→ **Data supplied**:
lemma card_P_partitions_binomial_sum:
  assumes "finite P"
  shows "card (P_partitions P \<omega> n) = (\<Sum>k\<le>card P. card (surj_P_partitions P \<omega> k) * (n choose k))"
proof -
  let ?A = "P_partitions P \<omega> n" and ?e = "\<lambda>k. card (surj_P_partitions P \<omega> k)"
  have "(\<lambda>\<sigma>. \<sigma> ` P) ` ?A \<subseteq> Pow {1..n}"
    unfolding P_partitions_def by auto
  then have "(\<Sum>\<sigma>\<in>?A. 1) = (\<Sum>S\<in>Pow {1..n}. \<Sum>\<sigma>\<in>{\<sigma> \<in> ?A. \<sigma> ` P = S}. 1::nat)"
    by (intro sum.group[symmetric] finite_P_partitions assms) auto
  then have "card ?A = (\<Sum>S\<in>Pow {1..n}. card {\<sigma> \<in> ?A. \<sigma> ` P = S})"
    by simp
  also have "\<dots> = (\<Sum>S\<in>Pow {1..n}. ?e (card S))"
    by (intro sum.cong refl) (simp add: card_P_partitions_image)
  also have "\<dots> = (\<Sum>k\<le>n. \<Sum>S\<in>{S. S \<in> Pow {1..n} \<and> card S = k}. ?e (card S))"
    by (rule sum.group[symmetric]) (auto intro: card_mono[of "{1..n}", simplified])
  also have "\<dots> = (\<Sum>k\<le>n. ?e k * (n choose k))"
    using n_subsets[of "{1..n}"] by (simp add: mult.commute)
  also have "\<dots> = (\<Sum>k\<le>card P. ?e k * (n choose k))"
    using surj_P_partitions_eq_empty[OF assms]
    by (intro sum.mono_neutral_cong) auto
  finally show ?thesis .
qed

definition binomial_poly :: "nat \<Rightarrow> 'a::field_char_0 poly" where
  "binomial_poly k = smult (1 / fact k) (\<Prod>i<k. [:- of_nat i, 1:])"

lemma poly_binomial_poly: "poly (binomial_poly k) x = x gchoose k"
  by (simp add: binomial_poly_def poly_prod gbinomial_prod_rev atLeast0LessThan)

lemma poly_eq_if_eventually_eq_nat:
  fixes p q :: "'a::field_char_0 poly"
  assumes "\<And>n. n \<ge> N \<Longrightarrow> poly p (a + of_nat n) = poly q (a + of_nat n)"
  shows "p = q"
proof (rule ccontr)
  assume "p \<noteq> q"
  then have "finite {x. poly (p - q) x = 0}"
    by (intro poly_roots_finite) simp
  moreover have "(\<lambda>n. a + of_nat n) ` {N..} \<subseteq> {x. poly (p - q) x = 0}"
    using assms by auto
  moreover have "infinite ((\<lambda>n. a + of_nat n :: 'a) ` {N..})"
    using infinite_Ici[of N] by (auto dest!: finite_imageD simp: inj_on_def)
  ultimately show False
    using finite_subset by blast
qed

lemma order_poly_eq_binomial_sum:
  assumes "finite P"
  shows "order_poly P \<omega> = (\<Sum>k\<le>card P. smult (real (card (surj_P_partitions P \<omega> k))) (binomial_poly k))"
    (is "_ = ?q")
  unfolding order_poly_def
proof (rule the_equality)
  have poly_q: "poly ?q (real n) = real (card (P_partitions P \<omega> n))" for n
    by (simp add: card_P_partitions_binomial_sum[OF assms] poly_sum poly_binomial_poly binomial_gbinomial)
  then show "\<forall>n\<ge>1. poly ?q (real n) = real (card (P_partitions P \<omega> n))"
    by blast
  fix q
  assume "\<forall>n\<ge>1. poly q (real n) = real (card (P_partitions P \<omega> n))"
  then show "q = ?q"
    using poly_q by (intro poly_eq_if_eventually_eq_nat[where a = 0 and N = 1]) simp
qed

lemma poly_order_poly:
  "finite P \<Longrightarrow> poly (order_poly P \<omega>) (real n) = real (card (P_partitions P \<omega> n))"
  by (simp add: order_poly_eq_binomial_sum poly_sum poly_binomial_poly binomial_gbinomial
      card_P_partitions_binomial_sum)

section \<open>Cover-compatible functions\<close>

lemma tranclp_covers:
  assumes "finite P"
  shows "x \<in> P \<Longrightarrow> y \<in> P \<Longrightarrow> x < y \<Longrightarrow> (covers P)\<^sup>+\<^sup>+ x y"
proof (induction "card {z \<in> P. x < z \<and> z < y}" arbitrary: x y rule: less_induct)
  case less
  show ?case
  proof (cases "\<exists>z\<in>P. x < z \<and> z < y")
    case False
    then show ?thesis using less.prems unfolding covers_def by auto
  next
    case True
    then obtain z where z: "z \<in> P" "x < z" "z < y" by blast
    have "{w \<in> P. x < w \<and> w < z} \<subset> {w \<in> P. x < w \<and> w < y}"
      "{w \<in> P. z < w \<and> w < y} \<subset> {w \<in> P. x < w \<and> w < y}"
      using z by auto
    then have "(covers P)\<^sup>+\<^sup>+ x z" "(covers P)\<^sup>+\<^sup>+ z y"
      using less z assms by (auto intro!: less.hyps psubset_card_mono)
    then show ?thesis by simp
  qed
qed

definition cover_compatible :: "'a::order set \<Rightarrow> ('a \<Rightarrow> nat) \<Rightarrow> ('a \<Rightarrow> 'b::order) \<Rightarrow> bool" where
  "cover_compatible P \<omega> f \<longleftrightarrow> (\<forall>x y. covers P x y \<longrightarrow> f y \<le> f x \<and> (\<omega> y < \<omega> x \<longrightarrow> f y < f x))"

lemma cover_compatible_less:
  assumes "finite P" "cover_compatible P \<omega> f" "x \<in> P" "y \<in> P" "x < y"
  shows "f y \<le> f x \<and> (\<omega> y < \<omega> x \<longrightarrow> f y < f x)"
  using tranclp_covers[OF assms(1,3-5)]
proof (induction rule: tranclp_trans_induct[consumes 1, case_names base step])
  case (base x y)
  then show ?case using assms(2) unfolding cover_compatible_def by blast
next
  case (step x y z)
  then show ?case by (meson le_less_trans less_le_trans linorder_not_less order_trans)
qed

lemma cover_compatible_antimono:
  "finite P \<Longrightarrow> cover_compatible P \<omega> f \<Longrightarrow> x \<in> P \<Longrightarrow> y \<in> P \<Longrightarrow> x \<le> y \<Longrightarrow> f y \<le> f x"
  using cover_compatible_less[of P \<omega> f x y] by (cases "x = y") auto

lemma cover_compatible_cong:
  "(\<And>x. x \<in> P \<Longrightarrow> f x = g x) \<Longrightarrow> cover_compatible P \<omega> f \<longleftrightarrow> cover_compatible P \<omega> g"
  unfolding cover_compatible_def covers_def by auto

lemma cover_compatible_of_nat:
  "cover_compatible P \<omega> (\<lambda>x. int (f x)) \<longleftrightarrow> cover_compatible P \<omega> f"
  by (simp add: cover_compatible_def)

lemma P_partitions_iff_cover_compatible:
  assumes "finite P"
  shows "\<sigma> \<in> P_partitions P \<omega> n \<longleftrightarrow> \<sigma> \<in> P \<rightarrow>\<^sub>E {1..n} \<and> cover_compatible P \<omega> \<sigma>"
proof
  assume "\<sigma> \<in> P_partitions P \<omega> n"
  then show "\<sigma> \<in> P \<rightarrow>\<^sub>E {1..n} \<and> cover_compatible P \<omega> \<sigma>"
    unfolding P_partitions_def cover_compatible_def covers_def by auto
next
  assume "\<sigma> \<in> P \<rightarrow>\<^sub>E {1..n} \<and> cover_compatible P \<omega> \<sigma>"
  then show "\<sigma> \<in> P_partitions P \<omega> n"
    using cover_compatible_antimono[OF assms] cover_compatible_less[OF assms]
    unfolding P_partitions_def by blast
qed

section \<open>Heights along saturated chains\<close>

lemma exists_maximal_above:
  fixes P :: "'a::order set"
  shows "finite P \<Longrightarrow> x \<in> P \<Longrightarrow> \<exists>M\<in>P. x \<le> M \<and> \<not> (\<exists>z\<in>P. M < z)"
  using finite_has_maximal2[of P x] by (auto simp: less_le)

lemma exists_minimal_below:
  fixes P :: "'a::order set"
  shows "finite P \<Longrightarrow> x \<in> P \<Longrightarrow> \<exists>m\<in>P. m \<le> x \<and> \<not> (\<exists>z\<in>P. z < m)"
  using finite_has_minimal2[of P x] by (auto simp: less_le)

→ **Exercise goal**: Would you copy out exactly the lines above that start at the one containing "f \<longleftrightarrow> (\<forall>x" and end at the one containing "M \<and> \<not>", inclusive?

→ **Your solution**:
  "cover_compatible P \<omega> f \<longleftrightarrow> (\<forall>x y. covers P x y \<longrightarrow> f y \<le> f x \<and> (\<omega> y < \<omega> x \<longrightarrow> f y < f x))"

lemma cover_compatible_less:
  assumes "finite P" "cover_compatible P \<omega> f" "x \<in> P" "y \<in> P" "x < y"
  shows "f y \<le> f x \<and> (\<omega> y < \<omega> x \<longrightarrow> f y < f x)"
  using tranclp_covers[OF assms(1,3-5)]
proof (induction rule: tranclp_trans_induct[consumes 1, case_names base step])
  case (base x y)
  then show ?case using assms(2) unfolding cover_compatible_def by blast
next
  case (step x y z)
  then show ?case by (meson le_less_trans less_le_trans linorder_not_less order_trans)
qed

lemma cover_compatible_antimono:
  "finite P \<Longrightarrow> cover_compatible P \<omega> f \<Longrightarrow> x \<in> P \<Longrightarrow> y \<in> P \<Longrightarrow> x \<le> y \<Longrightarrow> f y \<le> f x"
  using cover_compatible_less[of P \<omega> f x y] by (cases "x = y") auto

lemma cover_compatible_cong:
  "(\<And>x. x \<in> P \<Longrightarrow> f x = g x) \<Longrightarrow> cover_compatible P \<omega> f \<longleftrightarrow> cover_compatible P \<omega> g"
  unfolding cover_compatible_def covers_def by auto

lemma cover_compatible_of_nat:
  "cover_compatible P \<omega> (\<lambda>x. int (f x)) \<longleftrightarrow> cover_compatible P \<omega> f"
  by (simp add: cover_compatible_def)

lemma P_partitions_iff_cover_compatible:
  assumes "finite P"
  shows "\<sigma> \<in> P_partitions P \<omega> n \<longleftrightarrow> \<sigma> \<in> P \<rightarrow>\<^sub>E {1..n} \<and> cover_compatible P \<omega> \<sigma>"
proof
  assume "\<sigma> \<in> P_partitions P \<omega> n"
  then show "\<sigma> \<in> P \<rightarrow>\<^sub>E {1..n} \<and> cover_compatible P \<omega> \<sigma>"
    unfolding P_partitions_def cover_compatible_def covers_def by auto
next
  assume "\<sigma> \<in> P \<rightarrow>\<^sub>E {1..n} \<and> cover_compatible P \<omega> \<sigma>"
  then show "\<sigma> \<in> P_partitions P \<omega> n"
    using cover_compatible_antimono[OF assms] cover_compatible_less[OF assms]
    unfolding P_partitions_def by blast
qed

section \<open>Heights along saturated chains\<close>

lemma exists_maximal_above:
  fixes P :: "'a::order set"
  shows "finite P \<Longrightarrow> x \<in> P \<Longrightarrow> \<exists>M\<in>P. x \<le> M \<and> \<not> (\<exists>z\<in>P. M < z)"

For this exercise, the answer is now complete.